● **WHAT YOU ARE ASKED TO DO**: Search the entries for lines with the string "that" and say how many there are, giving only the number.

● **RECORDS FOR THIS EXERCISE**:
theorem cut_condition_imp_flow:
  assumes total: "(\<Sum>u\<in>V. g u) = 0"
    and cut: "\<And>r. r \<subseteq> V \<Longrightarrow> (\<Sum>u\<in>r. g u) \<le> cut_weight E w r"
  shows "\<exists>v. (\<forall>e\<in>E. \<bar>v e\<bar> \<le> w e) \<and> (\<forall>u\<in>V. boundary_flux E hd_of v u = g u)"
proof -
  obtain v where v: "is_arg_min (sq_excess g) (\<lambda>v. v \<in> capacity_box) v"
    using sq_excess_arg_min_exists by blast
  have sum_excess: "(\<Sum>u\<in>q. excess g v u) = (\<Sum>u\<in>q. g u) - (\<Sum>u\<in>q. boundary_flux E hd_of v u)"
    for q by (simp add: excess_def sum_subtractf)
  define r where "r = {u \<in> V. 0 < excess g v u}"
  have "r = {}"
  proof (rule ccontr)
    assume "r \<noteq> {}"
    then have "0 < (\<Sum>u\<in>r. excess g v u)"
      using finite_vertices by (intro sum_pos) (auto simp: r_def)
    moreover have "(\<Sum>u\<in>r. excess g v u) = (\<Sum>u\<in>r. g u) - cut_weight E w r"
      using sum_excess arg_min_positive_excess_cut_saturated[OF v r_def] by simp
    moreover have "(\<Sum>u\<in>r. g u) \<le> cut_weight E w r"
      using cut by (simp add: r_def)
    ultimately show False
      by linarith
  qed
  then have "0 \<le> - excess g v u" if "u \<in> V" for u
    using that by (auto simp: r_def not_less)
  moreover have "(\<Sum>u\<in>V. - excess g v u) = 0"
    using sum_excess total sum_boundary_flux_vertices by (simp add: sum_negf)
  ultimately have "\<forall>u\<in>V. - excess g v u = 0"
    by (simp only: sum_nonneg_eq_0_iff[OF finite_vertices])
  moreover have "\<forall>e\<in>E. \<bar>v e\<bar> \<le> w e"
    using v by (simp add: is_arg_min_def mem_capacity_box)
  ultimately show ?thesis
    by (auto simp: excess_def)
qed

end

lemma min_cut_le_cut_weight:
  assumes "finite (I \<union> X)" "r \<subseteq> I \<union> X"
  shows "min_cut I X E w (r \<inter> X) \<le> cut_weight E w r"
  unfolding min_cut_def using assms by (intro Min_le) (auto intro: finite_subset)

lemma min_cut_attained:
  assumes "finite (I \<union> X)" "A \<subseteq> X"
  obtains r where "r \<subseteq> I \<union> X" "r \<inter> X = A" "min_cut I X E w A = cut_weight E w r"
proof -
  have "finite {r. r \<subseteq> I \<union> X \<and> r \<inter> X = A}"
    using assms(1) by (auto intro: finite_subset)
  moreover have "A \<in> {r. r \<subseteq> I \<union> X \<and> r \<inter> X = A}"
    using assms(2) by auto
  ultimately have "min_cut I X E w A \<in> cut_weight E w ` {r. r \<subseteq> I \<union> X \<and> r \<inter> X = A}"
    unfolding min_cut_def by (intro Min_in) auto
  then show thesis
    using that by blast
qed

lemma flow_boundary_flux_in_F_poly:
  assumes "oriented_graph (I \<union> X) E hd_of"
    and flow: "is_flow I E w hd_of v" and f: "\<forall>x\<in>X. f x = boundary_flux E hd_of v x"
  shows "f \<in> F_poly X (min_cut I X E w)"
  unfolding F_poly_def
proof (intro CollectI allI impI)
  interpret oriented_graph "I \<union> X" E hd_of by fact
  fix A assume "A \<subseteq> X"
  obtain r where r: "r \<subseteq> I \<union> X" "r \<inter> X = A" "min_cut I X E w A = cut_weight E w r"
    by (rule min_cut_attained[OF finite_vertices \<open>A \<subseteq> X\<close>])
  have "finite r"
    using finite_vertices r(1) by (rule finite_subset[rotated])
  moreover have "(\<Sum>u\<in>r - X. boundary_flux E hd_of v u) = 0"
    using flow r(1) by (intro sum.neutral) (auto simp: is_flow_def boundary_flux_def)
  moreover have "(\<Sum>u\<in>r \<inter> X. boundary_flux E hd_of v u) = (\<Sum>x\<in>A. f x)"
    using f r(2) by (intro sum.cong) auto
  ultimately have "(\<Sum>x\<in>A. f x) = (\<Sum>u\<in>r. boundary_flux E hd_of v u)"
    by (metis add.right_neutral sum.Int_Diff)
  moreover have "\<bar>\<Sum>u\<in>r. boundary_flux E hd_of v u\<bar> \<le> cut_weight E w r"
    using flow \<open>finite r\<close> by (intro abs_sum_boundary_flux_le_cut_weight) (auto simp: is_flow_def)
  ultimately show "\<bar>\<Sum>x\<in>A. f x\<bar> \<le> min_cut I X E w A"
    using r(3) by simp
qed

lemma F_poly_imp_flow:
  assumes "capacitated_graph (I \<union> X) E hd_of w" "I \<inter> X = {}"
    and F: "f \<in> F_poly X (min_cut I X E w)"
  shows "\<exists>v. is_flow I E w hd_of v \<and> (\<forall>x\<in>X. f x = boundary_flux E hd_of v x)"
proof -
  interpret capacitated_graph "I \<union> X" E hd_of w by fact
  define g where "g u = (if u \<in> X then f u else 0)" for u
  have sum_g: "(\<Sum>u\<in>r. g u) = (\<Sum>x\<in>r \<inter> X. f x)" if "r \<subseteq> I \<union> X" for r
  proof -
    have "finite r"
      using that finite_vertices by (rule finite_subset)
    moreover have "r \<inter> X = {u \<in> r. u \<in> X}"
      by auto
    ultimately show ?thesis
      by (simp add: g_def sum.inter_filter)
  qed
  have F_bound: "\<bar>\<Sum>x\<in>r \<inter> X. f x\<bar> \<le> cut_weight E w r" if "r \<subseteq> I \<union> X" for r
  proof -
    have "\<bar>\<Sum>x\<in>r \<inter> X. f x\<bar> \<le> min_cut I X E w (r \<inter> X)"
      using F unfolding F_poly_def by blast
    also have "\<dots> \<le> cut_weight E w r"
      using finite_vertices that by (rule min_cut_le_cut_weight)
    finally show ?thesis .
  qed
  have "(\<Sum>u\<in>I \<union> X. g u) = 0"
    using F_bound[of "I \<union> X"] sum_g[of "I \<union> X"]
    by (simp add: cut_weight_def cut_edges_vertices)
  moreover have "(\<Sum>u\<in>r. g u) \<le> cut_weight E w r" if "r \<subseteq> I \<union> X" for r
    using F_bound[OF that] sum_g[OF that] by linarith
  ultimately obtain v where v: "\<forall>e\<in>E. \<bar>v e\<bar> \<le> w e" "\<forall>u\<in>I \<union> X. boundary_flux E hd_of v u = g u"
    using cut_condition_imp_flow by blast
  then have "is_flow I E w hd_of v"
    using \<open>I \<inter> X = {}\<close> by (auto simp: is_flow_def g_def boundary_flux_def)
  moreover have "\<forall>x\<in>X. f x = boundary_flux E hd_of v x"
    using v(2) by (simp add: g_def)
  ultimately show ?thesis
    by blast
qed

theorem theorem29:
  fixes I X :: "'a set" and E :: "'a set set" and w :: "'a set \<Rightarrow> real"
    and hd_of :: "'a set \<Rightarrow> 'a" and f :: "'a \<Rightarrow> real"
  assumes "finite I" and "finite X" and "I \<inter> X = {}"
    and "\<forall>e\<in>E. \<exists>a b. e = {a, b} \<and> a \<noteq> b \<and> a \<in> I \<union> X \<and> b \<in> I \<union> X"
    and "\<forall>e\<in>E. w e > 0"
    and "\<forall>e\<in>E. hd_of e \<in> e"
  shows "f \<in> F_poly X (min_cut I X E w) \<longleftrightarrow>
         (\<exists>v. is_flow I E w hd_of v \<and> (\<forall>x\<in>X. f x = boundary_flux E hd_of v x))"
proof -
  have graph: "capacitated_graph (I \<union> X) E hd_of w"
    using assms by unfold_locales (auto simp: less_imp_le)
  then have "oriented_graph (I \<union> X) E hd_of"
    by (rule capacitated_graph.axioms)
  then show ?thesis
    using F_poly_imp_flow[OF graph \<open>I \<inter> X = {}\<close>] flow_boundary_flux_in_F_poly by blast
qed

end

● **ANSWER SECTION**: 5